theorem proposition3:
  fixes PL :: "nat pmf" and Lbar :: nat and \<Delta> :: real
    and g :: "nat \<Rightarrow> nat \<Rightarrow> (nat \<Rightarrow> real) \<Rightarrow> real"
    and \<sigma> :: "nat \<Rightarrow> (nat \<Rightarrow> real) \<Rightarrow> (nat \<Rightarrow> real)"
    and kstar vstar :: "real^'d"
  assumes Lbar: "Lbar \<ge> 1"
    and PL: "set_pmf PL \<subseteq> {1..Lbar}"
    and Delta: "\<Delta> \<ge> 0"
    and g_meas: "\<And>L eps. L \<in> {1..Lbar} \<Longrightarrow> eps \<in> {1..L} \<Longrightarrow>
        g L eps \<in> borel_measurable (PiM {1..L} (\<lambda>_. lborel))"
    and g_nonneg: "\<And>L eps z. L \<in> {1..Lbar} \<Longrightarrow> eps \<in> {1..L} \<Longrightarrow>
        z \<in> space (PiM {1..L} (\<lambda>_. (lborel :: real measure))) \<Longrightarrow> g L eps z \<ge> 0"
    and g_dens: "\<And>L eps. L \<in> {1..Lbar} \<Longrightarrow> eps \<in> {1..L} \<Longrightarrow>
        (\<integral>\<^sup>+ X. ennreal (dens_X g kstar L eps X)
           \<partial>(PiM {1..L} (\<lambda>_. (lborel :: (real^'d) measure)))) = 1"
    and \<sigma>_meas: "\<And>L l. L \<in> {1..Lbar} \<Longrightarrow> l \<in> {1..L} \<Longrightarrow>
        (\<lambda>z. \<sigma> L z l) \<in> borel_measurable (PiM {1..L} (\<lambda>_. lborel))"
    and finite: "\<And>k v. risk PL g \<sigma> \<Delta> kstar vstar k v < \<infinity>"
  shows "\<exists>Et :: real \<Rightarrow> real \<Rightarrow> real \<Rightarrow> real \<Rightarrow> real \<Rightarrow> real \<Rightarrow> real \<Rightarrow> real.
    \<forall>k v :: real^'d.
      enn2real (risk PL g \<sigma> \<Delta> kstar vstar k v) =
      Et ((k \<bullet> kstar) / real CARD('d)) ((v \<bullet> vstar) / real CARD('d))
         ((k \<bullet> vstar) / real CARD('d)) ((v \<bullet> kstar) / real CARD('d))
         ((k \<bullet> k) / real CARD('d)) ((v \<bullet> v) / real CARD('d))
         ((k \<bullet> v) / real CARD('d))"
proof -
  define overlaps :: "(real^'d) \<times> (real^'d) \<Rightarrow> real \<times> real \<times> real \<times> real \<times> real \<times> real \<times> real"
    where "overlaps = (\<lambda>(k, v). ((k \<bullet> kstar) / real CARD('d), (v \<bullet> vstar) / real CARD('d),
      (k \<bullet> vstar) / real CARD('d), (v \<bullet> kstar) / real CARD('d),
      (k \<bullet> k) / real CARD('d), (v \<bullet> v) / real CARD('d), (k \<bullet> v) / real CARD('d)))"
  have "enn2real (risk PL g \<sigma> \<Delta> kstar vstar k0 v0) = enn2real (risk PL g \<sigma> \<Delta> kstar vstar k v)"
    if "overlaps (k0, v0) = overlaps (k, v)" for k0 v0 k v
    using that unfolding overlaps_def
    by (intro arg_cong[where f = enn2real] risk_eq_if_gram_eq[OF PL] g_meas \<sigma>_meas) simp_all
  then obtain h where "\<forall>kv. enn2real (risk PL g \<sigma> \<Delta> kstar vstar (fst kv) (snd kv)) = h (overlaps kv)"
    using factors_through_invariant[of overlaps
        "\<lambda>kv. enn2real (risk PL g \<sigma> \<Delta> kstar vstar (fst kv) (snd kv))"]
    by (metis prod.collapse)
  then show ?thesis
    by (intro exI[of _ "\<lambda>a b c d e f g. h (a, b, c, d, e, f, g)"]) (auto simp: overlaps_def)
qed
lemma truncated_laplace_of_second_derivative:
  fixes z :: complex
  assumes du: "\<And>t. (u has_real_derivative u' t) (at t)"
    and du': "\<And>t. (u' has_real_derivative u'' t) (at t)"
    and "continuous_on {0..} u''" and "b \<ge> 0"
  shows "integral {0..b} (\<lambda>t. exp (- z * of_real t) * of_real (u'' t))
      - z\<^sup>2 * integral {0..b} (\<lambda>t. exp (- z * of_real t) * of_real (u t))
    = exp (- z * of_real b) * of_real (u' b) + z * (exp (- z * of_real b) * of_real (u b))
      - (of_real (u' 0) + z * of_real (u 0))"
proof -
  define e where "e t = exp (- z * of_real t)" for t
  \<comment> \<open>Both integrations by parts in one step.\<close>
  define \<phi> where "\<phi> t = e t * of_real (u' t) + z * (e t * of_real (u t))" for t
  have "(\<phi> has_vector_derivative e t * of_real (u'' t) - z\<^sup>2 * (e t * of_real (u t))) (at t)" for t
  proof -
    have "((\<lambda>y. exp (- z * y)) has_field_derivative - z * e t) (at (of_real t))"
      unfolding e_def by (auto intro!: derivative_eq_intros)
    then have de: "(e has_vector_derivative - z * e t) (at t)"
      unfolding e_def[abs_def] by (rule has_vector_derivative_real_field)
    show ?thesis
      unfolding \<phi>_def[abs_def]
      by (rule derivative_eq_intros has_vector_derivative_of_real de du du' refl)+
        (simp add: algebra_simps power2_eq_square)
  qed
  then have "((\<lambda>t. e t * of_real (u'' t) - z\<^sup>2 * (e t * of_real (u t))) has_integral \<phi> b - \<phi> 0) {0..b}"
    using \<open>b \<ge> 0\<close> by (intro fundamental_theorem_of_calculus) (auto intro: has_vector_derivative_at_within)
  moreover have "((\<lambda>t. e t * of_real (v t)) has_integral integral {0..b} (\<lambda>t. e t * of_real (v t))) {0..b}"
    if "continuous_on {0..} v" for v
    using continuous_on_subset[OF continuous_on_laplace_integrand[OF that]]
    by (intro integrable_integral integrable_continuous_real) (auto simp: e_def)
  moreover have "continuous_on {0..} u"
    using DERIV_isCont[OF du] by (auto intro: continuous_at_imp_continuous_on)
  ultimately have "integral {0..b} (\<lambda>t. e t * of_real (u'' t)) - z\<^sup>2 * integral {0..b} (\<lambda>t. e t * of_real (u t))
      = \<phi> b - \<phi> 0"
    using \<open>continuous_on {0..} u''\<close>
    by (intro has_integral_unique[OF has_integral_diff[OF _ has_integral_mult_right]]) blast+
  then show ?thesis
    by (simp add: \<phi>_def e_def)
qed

:: EXERCISE INSTRUCTIONS ::
Exactly the lines above from the one with "(u' has_real_derivative u''" to the one with "in one step.\<close>", both included, are to be quoted; leave the rest out.

:: EXERCISE OUTPUT ::
    and du': "\<And>t. (u' has_real_derivative u'' t) (at t)"
    and "continuous_on {0..} u''" and "b \<ge> 0"
  shows "integral {0..b} (\<lambda>t. exp (- z * of_real t) * of_real (u'' t))
      - z\<^sup>2 * integral {0..b} (\<lambda>t. exp (- z * of_real t) * of_real (u t))
    = exp (- z * of_real b) * of_real (u' b) + z * (exp (- z * of_real b) * of_real (u b))
      - (of_real (u' 0) + z * of_real (u 0))"
proof -
  define e where "e t = exp (- z * of_real t)" for t
  \<comment> \<open>Both integrations by parts in one step.\<close>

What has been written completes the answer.